# 245/35/15 dunlop sp 9000 on a Rabbit



## bunnychopper (Dec 23, 2003)

*What is the widest low profile 15" trie*

I've fouund some 245/35/15 you read right that’s 9.64" wide 21.75" diameter and 3.37" sidewall on a 15'' rim! But there are only made in the UK. http://www.kwik-fit.com/tyre-search.asp speed rating is Z. Of course they cost an arm and a leg 189 pounds = 327$ * 4 = $1308 and including shipping which I can’t even imagine. Oh and did I mention there are not DOT legal. So my dreams of running the widest tires physically possible on a rabbit are squashed. The closest thing I can find is a 225/45/15 Kumho Ecsta http://www.tirerack.com/tires/...ace=6. Does anyone know of a wider tire that is under 23 inches for a 15” rim?
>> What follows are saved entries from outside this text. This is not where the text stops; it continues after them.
lemma realisable_zero_configuration:
  assumes "group K" "\<And>I. I \<subseteq> {1..n} \<Longrightarrow> I \<noteq> {} \<Longrightarrow> c I = 0"
  shows "realisable n c K"
proof -
  have "(\<Inter>i\<in>I. {\<one>\<^bsub>K\<^esub>}) = {\<one>\<^bsub>K\<^esub>}" if "I \<noteq> {}" for I
    using that by blast
  then show ?thesis
    unfolding realisable_def using assms(2) fin_gen_trivial_subgroup[OF assms(1)]
      group.triv_subgroup[OF assms(1)]
    by (intro exI[of _ "\<lambda>_. {\<one>\<^bsub>K\<^esub>}"]) simp
qed

lemma realisable_single_one_configuration:
  assumes "group G" "fin_gen G (carrier G)" "f \<in> hom G G"
    and "\<not> fin_gen G {a \<in> carrier G. f a = a}"
    and "I0 \<subseteq> {1..n}" "I0 \<noteq> {}"
    and "\<And>I. I \<subseteq> {1..n} \<Longrightarrow> I \<noteq> {} \<Longrightarrow> c I = 0 \<longleftrightarrow> I \<noteq> I0"
  shows "realisable n c (power_group G n)"
proof -
  let ?P = "power_group G n"
  interpret P: group ?P
    using group_power_group[OF assms(1)] .
  define k where "k = card I0"
  have fin: "finite I0"
    using assms(5) finite_subset by blast
  have "k \<le> n"
    using card_mono[OF _ assms(5)] by (simp add: k_def)
  have "\<exists>r. bij_betw r I0 {1..k}"
    by (rule finite_same_card_bij) (simp_all add: fin k_def)
  then obtain r where r: "bij_betw r I0 {1..k}"
    by blast
  define H where "H i = (if i \<in> I0 then cycle_link G f n k (r i) else {\<one>\<^bsub>?P\<^esub>})" for i
  have subgroup_H: "subgroup (H i) ?P" for i
    using subgroup_cycle_link[OF assms(1,3) _ \<open>k \<le> n\<close>] bij_betwE[OF r] P.triv_subgroup
    by (auto simp: H_def)
  have fin_gen_H: "fin_gen ?P (\<Inter>i\<in>I. H i) \<longleftrightarrow> I \<noteq> I0" if "I \<noteq> {}" for I
  proof (cases "I \<subseteq> I0")
    case True
    then have eq: "(\<Inter>i\<in>I. H i) = (\<Inter>p\<in>r ` I. cycle_link G f n k p)"
      by (auto simp: H_def)
    have r_I: "r ` I \<subseteq> {1..k}" "r ` I \<noteq> {}" "r ` I = {1..k} \<longleftrightarrow> I = I0"
      using True r inj_on_image_eq_iff[of r I0 I I0] \<open>I \<noteq> {}\<close> by (auto simp: bij_betw_def)
    have "fin_gen ?P (\<Inter>i\<in>I. H i) \<longleftrightarrow> r ` I \<noteq> {1..k}"
      unfolding eq by (rule fin_gen_cycle_links_iff[OF assms(1-4) \<open>k \<le> n\<close> r_I(1,2)])
    with r_I(3) show ?thesis
      by blast
  next
    case False
    then obtain i where "i \<in> I" "i \<notin> I0"
      by blast
    then have "(\<Inter>i\<in>I. H i) \<subseteq> {\<one>\<^bsub>?P\<^esub>}"
      by (auto simp: H_def)
    moreover have "{\<one>\<^bsub>?P\<^esub>} \<subseteq> (\<Inter>i\<in>I. H i)"
      using subgroup.one_closed[OF subgroup_H] by blast
    ultimately have "(\<Inter>i\<in>I. H i) = {\<one>\<^bsub>?P\<^esub>}"
      by (rule subset_antisym)
    moreover have "I \<noteq> I0"
      using False by blast
    ultimately show ?thesis
      using fin_gen_trivial_subgroup[OF P.is_group] by simp
  qed
  show ?thesis
    unfolding realisable_def
  proof (intro exI[of _ H] conjI ballI allI impI)
    fix I
    assume "I \<subseteq> {1..n} \<and> I \<noteq> {}"
    then show "fin_gen ?P (\<Inter>i\<in>I. H i) \<longleftrightarrow> c I = 0"
      using fin_gen_H assms(7) by blast
  qed (rule subgroup_H)
qed

lemma configuration_at_most_one_one_cases:
  assumes "configuration n c" "card {I. I \<subseteq> {1..n} \<and> I \<noteq> {} \<and> c I = 1} \<le> 1"
  obtains "\<And>I. I \<subseteq> {1..n} \<Longrightarrow> I \<noteq> {} \<Longrightarrow> c I = 0"
    | I0 where "I0 \<subseteq> {1..n}" "I0 \<noteq> {}"
      "\<And>I. I \<subseteq> {1..n} \<Longrightarrow> I \<noteq> {} \<Longrightarrow> c I = 0 \<longleftrightarrow> I \<noteq> I0"
proof -
  define A where "A = {I. I \<subseteq> {1..n} \<and> I \<noteq> {} \<and> c I = 1}"
  have c_zero: "c I = 0 \<longleftrightarrow> I \<notin> A" if "I \<subseteq> {1..n}" "I \<noteq> {}" for I
    using assms(1) that by (auto simp: configuration_def A_def)
  have "finite A"
    unfolding A_def by (rule finite_subset[of _ "Pow {1..n}"]) auto
  then have A_unique: "\<forall>I\<in>A. \<forall>J\<in>A. I = J"
    using assms(2) card_le_Suc0_iff_eq[OF \<open>finite A\<close>] by (simp add: A_def)
  show thesis
  proof (cases "A = {}")
    case True
    then show thesis
      using that(1) c_zero by blast
  next
    case False
    then obtain I0 where "I0 \<in> A"
      by blast
    with A_unique have A_eq: "I \<in> A \<longleftrightarrow> I = I0" for I
      by blast
    have "I0 \<subseteq> {1..n}" "I0 \<noteq> {}"
      using \<open>I0 \<in> A\<close> by (auto simp: A_def)
    moreover have "c I = 0 \<longleftrightarrow> I \<noteq> I0" if "I \<subseteq> {1..n}" "I \<noteq> {}" for I
      using c_zero[OF that] A_eq by simp
    ultimately show thesis
      by (rule that(2))
  qed
qed
theorem corollary4p2:
  fixes M :: "'a measure" and W :: "real \<Rightarrow> 'a \<Rightarrow> real" and T :: real
  assumes "T > 0"
    and "centered_gaussian_process M W"
    and "continuous_on ({0..} \<times> {0..}) (\<lambda>(s, t). cov_fun M W s t)"
    and "cond_i M W T"
    and "cond_ii M W T"
  shows "\<forall>r::nat. r \<ge> 1 \<longrightarrow> (\<exists>C::real. \<forall>n::nat. \<forall>t::real. n \<ge> 1 \<and> 0 \<le> t \<and> t \<le> T \<longrightarrow>
     (\<Sum>j\<in>{1..nat \<lfloor>real n * t / 2\<rfloor>}. \<Sum>k\<in>{1..nat \<lfloor>real n * t / 2\<rfloor>}.
        \<bar>beta M W n (2*j-1) (2*k-1)\<bar> ^ r + \<bar>beta M W n (2*j-1) (2*k-2)\<bar> ^ r
      + \<bar>beta M W n (2*j-2) (2*k-1)\<bar> ^ r + \<bar>beta M W n (2*j-2) (2*k-2)\<bar> ^ r)
     \<le> C * real (nat \<lfloor>real n * t / 2\<rfloor>) * real n powr (- real r / 2))"
proof -
  obtain K \<alpha> where "0 \<le> K" "1 < \<alpha>"
    and "\<And>n a b. 1 \<le> n \<Longrightarrow> real a + 1 \<le> real n * T \<Longrightarrow> real b + 1 \<le> real n * T \<Longrightarrow>
           \<bar>beta M W n a b\<bar> \<le> K * real n powr (-1/2) * decay_weight \<alpha> a b"
    using beta_decay_estimate[OF assms(2,4,5)] by blast
  then show ?thesis
    using block_sum_bound_up_to_time[where B = "beta M W"] by blast
qed

end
_Modified by bunnychopper at 10:26 PM 7-8-2005_


----------



## bunnychopper (Dec 23, 2003)

I know some one out there knows if there is a wider tire


----------



## jib.ninja (Oct 27, 2003)

*Re: (bunnychopper)*

where are you driving that you need something that wide? there are always slicks. Hoosier, hankook, etc. all make really wide 15" tires


----------



## bunnychopper (Dec 23, 2003)

I building my own wide body and I want to build the car around the tires. The car will mostly be just a show car which, I might take to the track, so I need DOT legal tires.


_Modified by bunnychopper at 7:25 AM 7-12-2005_


----------



## jib.ninja (Oct 27, 2003)

*Re: (bunnychopper)*

well Hoosier makes a few 245/45/15's, 245/50/15 and even a 275/50/15







in a DOT approved tire. They have a disclaimer saying not to drive them on the street because obvisouly if you hit standing water your skating. Also they have no road hazard or treadwear. Of course your building a show car based around the tires lol... so this will probably work
Check out the A3S04/A3S05 & R3S04 tires http://****************.com/smile/emthup.gif


----------



## bunnychopper (Dec 23, 2003)

WOW that is a scary warning
"WARNING
NOT FOR HIGHWAY USE: All Hoosier Racing Tires including DOT labeled Hoosier Racing Tires are designed for racing purposes only on specified racing surfaces and are not to be operated on public roadways. DOT labeled Hoosier Racing Tires meet Department Of Transportation requirements for marking and performance only and are NOT INTENDED FOR HIGHWAY USE. It is unsafe to operate any Hoosier Racing Tire including DOT tires on public roads. The prohibited use of Hoosier Racing Tires on public roadways may result in loss of traction, unexpected loss of vehicle control, or sudden loss of tire pressure, resulting in a vehicle crash and possible injury or death."
I probably would run these if there were less than 23" tall, these are 23.6". I think I'm just going to go with the Kumho 225/45/15. Thanks for the suggestion.


----------



## jib.ninja (Oct 27, 2003)

*Re: (bunnychopper)*

thats just for insurance reasons. Do you think it would be any safer to have your tire blow off at 200+k on the track? maybe a bit, but still


----------